FIG. 10 is a diagram for explaining determination as to whether or not machining can be completed without causing machining interference based on the elliptical trajectory EP with respect to the step contour shape data TSD shown in FIG. In the processing apparatus 1 of FIG. 1, the elliptical trajectory EP of the step forming tool 437 touches the step contour while the lens LE rotates. It shows how the trajectory EP touches. It should be noted that the step contour shape data TSD is a range that is not processed by the step forming tool 437 in a radius vector angle range in which the target lens shape data TD is not located outside.

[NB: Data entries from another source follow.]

(* For every integer $g$ there is $t=t(g)$ such that for every $k\ge t$ there is a $k$-vertex exactly-$(2,t)$-degenerate bipartite graph of girth at least $g$.
   Context: A graph is exactly-$(2,t)$-degenerate if it can be obtained from a set of $t$ isolated vertices by repeatedly adding a new vertex adjacent to exactly $2$ of the existing vertices. The girth of a graph is the length of its shortest cycle (infinite if the graph has no cycle). *)

theory Defs
  imports Main
begin

definition simple_graph :: "'a set \<Rightarrow> ('a \<Rightarrow> 'a \<Rightarrow> bool) \<Rightarrow> bool" where
  "simple_graph V E \<longleftrightarrow> finite V \<and> (\<forall>x y. E x y \<longrightarrow> x \<in> V \<and> y \<in> V) \<and>
     (\<forall>x y. E x y \<longrightarrow> E y x) \<and> (\<forall>x. \<not> E x x)"

text \<open>Since every edge joins
  a vertex to an earlier one, this says precisely that the graph arises from t isolated
  vertices by repeatedly adding a new vertex adjacent to exactly 2 existing vertices.\<close>
definition exactly_2_t_degenerate :: "nat \<Rightarrow> 'a set \<Rightarrow> ('a \<Rightarrow> 'a \<Rightarrow> bool) \<Rightarrow> bool" where
  "exactly_2_t_degenerate t V E \<longleftrightarrow>
     (\<exists>vs. distinct vs \<and> set vs = V \<and> t \<le> length vs \<and>
        (\<forall>i j. i < t \<and> j < t \<longrightarrow> \<not> E (vs ! i) (vs ! j)) \<and>
        (\<forall>i. t \<le> i \<and> i < length vs \<longrightarrow> card {j. j < i \<and> E (vs ! i) (vs ! j)} = 2))"

definition bipartite :: "'a set \<Rightarrow> ('a \<Rightarrow> 'a \<Rightarrow> bool) \<Rightarrow> bool" where
  "bipartite V E \<longleftrightarrow> (\<exists>A. A \<subseteq> V \<and> (\<forall>x y. E x y \<longrightarrow> (x \<in> A \<longleftrightarrow> y \<notin> A)))"

definition is_cycle :: "'a set \<Rightarrow> ('a \<Rightarrow> 'a \<Rightarrow> bool) \<Rightarrow> 'a list \<Rightarrow> bool" where
  "is_cycle V E cs \<longleftrightarrow> 3 \<le> length cs \<and> distinct cs \<and> set cs \<subseteq> V \<and>
     (\<forall>i. Suc i < length cs \<longrightarrow> E (cs ! i) (cs ! Suc i)) \<and> E (last cs) (hd cs)"

text \<open>Girth at least g: every cycle has length at least g (vacuous if acyclic,
  i.e. infinite girth).\<close>
definition girth_at_least :: "nat \<Rightarrow> 'a set \<Rightarrow> ('a \<Rightarrow> 'a \<Rightarrow> bool) \<Rightarrow> bool" where
  "girth_at_least g V E \<longleftrightarrow> (\<forall>cs. is_cycle V E cs \<longrightarrow> g \<le> length cs)"

end

theory Submission
  imports Defs
begin

text \<open>Grow the graph from t isolated vertices, joining each new vertex w to two vertices
  u, v of degree at most 3 that lie on the same side of a bipartition and at distance more
  than g. Then w can be put on the other side, every new cycle runs through w and has length
  at least dist(u, v) + 2, and the maximum degree stays at most 4, so the ball of radius g
  around u has at most 5^g vertices. After n vertices there are 2(n - t) edges, so at most
  n - t vertices have degree 4; with t = 2 * 5^g + 1 more than 5^g vertices of degree at most 3
  lie on one side, so one of them lies outside the ball around another.\<close>

definition degree :: "('a \<Rightarrow> 'a \<Rightarrow> bool) \<Rightarrow> 'a \<Rightarrow> nat" where
  "degree E x = card {y. E x y}"

fun graph_ball :: "('a \<Rightarrow> 'a \<Rightarrow> bool) \<Rightarrow> nat \<Rightarrow> 'a \<Rightarrow> 'a set" where
  "graph_ball E 0 x = {x}"
| "graph_ball E (Suc r) x = insert x (\<Union>y\<in>{y. E x y}. graph_ball E r y)"

lemma center_in_graph_ball: "x \<in> graph_ball E r x"
  by (cases r) auto

lemma graph_ball_mono: "r \<le> s \<Longrightarrow> graph_ball E r x \<subseteq> graph_ball E s x"
proof (induction r arbitrary: s x)
  case 0
  then show ?case by (simp add: center_in_graph_ball)
next
  case (Suc r)
  then obtain s' where "s = Suc s'" "r \<le> s'" by (cases s) auto
  with Suc.IH show ?case by fastforce
qed

lemma last_in_graph_ball:
  "successively E xs \<Longrightarrow> xs \<noteq> [] \<Longrightarrow> last xs \<in> graph_ball E (length xs - 1) (hd xs)"
proof (induction xs)
  case (Cons x xs)
  then show ?case by (cases xs) (auto simp: successively_Cons)
qed simp

lemma finite_graph_ball:
  assumes "\<And>x. finite {y. E x y}"
  shows "finite (graph_ball E r x)"
  by (induction r arbitrary: x) (simp_all add: assms)

lemma card_graph_ball_le:
  assumes fin: "\<And>x. finite {y. E x y}" and deg: "\<And>x. degree E x \<le> d"
  shows "card (graph_ball E r x) \<le> Suc d ^ r"
proof (induction r arbitrary: x)
  case (Suc r)
  have "card (graph_ball E (Suc r) x) \<le> Suc (card (\<Union>y\<in>{y. E x y}. graph_ball E r y))"
    by (simp add: card_insert_le_m1 card_insert_if)
  also have "card (\<Union>y\<in>{y. E x y}. graph_ball E r y) \<le> (\<Sum>y\<in>{y. E x y}. card (graph_ball E r y))"
    using fin by (rule card_UN_le)
  also have "\<dots> \<le> degree E x * Suc d ^ r"
    using Suc.IH sum_mono[of "{y. E x y}" "\<lambda>y. card (graph_ball E r y)" "\<lambda>_. Suc d ^ r"]
    by (simp add: degree_def)
  also have "\<dots> \<le> d * Suc d ^ r"
    using deg by simp
  finally have "card (graph_ball E (Suc r) x) \<le> Suc (d * Suc d ^ r)" by simp
  moreover have "1 \<le> Suc d ^ r" by simp
  ultimately show ?case by (simp only: power_Suc mult_Suc)
qed simp

lemma is_cycle_iff_successively:
  "is_cycle V E cs \<longleftrightarrow>
     3 \<le> length cs \<and> distinct cs \<and> set cs \<subseteq> V \<and> successively E cs \<and> E (last cs) (hd cs)"
  by (simp add: is_cycle_def successively_conv_nth)

lemma is_cycle_rotate: "is_cycle V E (xs @ ys) \<Longrightarrow> is_cycle V E (ys @ xs)"
  by (cases "xs = [] \<or> ys = []") (auto simp: is_cycle_iff_successively successively_append_iff)

definition attach_vertex :: "('a \<Rightarrow> 'a \<Rightarrow> bool) \<Rightarrow> 'a \<Rightarrow> 'a \<Rightarrow> 'a \<Rightarrow> 'a \<Rightarrow> 'a \<Rightarrow> bool" where
  "attach_vertex E w u v x y \<longleftrightarrow>
     E x y \<or> (x = w \<and> (y = u \<or> y = v)) \<or> (y = w \<and> (x = u \<or> x = v))"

Srn is the radius vector length at the radius vector angle θn in the step contour shape data TSD, R is the radius of the step forming tool 437 (distance from the center of rotation to the vertex CM), and the distance between the center of the lens chuck shaft 102 and the elliptical locus EP is Assuming that the inter-axis distance from the center MO is Yn and the inclination angle of the rotating shaft 431 is α, the inter-axis distance Yn is expressed by the following equation. Note that n=1, 2, 3, . . . , N, where N is 1,000 points, for example.

ここで、θｎをある範囲で変化させ、Ｙｎが最大となる角度θｉを求める。このときの段差輪郭形状データＴＳＤ上の加工点ＰＭｉは、角度θｉ上で段差輪郭形状データＴＳＤに楕円軌跡ＥＰが接する点として求められる。図１０において、動径角θａ（中心ＭＯが位置する方向）のときに、楕円軌跡ＥＰが接する段差輪郭形状データＴＳＤ上の加工点ＰＭａは、動径角θａ上に位置している。一方、動径角θｂのときに、楕円軌跡ＥＰが接する加工点ＰＭｂは、動径角θａとは異なる角度θｂとなっている。動径角θｃのときに、楕円軌跡ＥＰが接する加工点ＰＭｃとなる。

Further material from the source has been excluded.